Under the Australian Archives Act 1983 most Commonwealth records are opened to public scrutiny after twenty years (this was reduced from thirty years in 2010). But the Act also defines 'exempt' records that can be withheld from the public for a variety of reasons, including the defence of national security, and the protection of individual privacy. Access under the Act is not an inevitable destination, but a process that may result in records with the access status of 'closed'.

This paper reports on research into the nature of 'closed access' within the holdings of the National Archives of Australia.

Basic metadata describing 'closed' files is available through the National Archives' online database RecordSearch; although in some cases even the file's title is too sensitive to release. However, the RecordSearch interface is limited, making it impossible, for example, to search for files by categories of exemption as defined under the Act. To allow for more detailed analysis, the metadata of more than 10,000 closed files was harvested from RecordSearch by screenscraping.

This paper will analyse the metadata to reveal, for example, the picture of 'national security' that emerges from the records supposed to threaten it. Notably, many records are not 'closed' under the categories defined by the Archives Act at all, with the fate of a significant proportion waiting upon advice from other government agencies.

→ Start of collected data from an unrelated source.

lemma cliques_subtree_under_disjoint:
  assumes "subtree_under U S T" "\<forall>t\<in>nodes T. node_ok t"
  shows "U \<inter> vs S = {} \<and> (\<exists>pre suf. cliques T = pre @ map ((\<union>) U) (cliques S) @ suf
           \<and> (\<forall>c\<in>set pre \<union> set suf. c \<inter> vs S = {}))"
  using assms
proof (induction rule: subtree_under.induct)
  case (subtree_under_refl S)
  have "cliques S = [] @ map ((\<union>) {}) (cliques S) @ []" by (simp add: map_idI)
  then show ?case by fastforce
next
  case (subtree_under_PNode c cs U S A)
  have ok: "node_ok (PNode A cs)" using subtree_under_PNode.prems node_in_nodes by blast
  have "\<forall>t\<in>nodes c. node_ok t"
    using subtree_under_PNode.prems nodes_child_PNode[OF subtree_under_PNode.hyps(1)] by blast
  then obtain pre suf where U: "U \<inter> vs S = {}"
    and c: "cliques c = pre @ map ((\<union>) U) (cliques S) @ suf"
    and pre_suf: "\<forall>d\<in>set pre \<union> set suf. d \<inter> vs S = {}"
    using subtree_under_PNode.IH by blast
  obtain cs1 cs2 where cs: "cs = cs1 @ c # cs2" using subtree_under_PNode.hyps(1) by (meson split_list)
  have Sc: "vs S \<subseteq> vs c" using subtree_under_PNode.hyps(2) by (rule subtree_under_vs)
  have c_nth: "c = cs ! length cs1" "length cs1 < length cs" using cs by simp_all
  have A: "A \<inter> vs S = {}" using ok Sc c_nth by auto
  have siblings: "vs x \<inter> vs S = {}" if x: "x \<in> set cs1 \<union> set cs2" for x
  proof -
    obtain j where "j < length cs" "j \<noteq> length cs1" "x = cs ! j"
      using in_set_split_other_nth[OF cs x] by blast
    then have "vs x \<inter> vs c = {}" using ok c_nth by auto
    then show ?thesis using Sc by blast
  qed
  define pre' where "pre' = map ((\<union>) A) (concat (map cliques cs1) @ pre)"
  define suf' where "suf' = map ((\<union>) A) (suf @ concat (map cliques cs2))"
  have "cliques (PNode A cs) = pre' @ map ((\<union>) (A \<union> U)) (cliques S) @ suf'"
    using c cs by (simp add: pre'_def suf'_def Un_assoc)
  moreover have "\<forall>d\<in>set pre' \<union> set suf'. d \<inter> vs S = {}"
    unfolding pre'_def suf'_def using A pre_suf siblings by (fastforce dest: cliques_subset_vs)
  ultimately show ?case using A U by blast
next
  case (subtree_under_QNode p ps t U S)
  have ok: "node_ok (QNode ps)" using subtree_under_QNode.prems node_in_nodes by blast
  have "\<forall>s\<in>nodes t. node_ok s"
    using subtree_under_QNode.prems nodes_child_QNode subtree_under_QNode.hyps(1,2) by blast
  then obtain pre suf where U: "U \<inter> vs S = {}"
    and t: "cliques t = pre @ map ((\<union>) U) (cliques S) @ suf"
    and pre_suf: "\<forall>d\<in>set pre \<union> set suf. d \<inter> vs S = {}"
    using subtree_under_QNode.IH by blast
  obtain ps1 ps2 where ps: "ps = ps1 @ p # ps2" using subtree_under_QNode.hyps(1) by (meson split_list)
  have p: "p = ps ! length ps1" "length ps1 < length ps" using ps by simp_all
  have St: "vs S \<subseteq> vso (snd p)"
    using subtree_under_vs[OF subtree_under_QNode.hyps(3)] subtree_under_QNode.hyps(2)
    by (simp add: vso_def)
  have sec: "fst p \<inter> vs S = {}" using node_ok_QNode_child_section[OF ok p(2) p(2)] p St by blast
  have siblings: "c \<inter> vs S = {}" if q: "q \<in> set ps1 \<union> set ps2" and c: "c \<in> set (position_cliques q)" for q c
  proof -
    obtain j where j: "j < length ps" "j \<noteq> length ps1" "q = ps ! j"
      using in_set_split_other_nth[OF ps q] by blast
    have "c \<subseteq> fst q \<union> vso (snd q)" using position_cliques_bounds[OF c] by blast
    then show ?thesis
      using node_ok_QNode_child_section[OF ok p(2) j(1)] node_ok_QNode_children[OF ok p(2) j(1)]
        j p St by blast
  qed
  define pre' where "pre' = concat (map position_cliques ps1) @ map ((\<union>) (fst p)) pre"
  define suf' where "suf' = map ((\<union>) (fst p)) suf @ concat (map position_cliques ps2)"
  have "cliques (QNode ps) = pre' @ map ((\<union>) (fst p \<union> U)) (cliques S) @ suf'"
    using t ps subtree_under_QNode.hyps(2)
    by (simp add: pre'_def suf'_def position_cliques_def Un_assoc)
  moreover have "\<forall>d\<in>set pre' \<union> set suf'. d \<inter> vs S = {}"
    unfolding pre'_def suf'_def using sec pre_suf siblings by fastforce
  ultimately show ?case using sec U by blast
qed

This illustrates the paper's central argument, that access is best understood as a process, rather than a state. 'Closed access' is a convenient story that emerges at the intersection of political policy and bureaucratic practice. Understanding the complexities of this process enables us to demonstrate the constructed nature of information systems that limit our ability to scrutinise the workings of government.

In a world where the idea of the 'secret' still holds immense cultural power, it is important to reveal how 'secrets' are manufactured through bureaucratic systems of classification and control.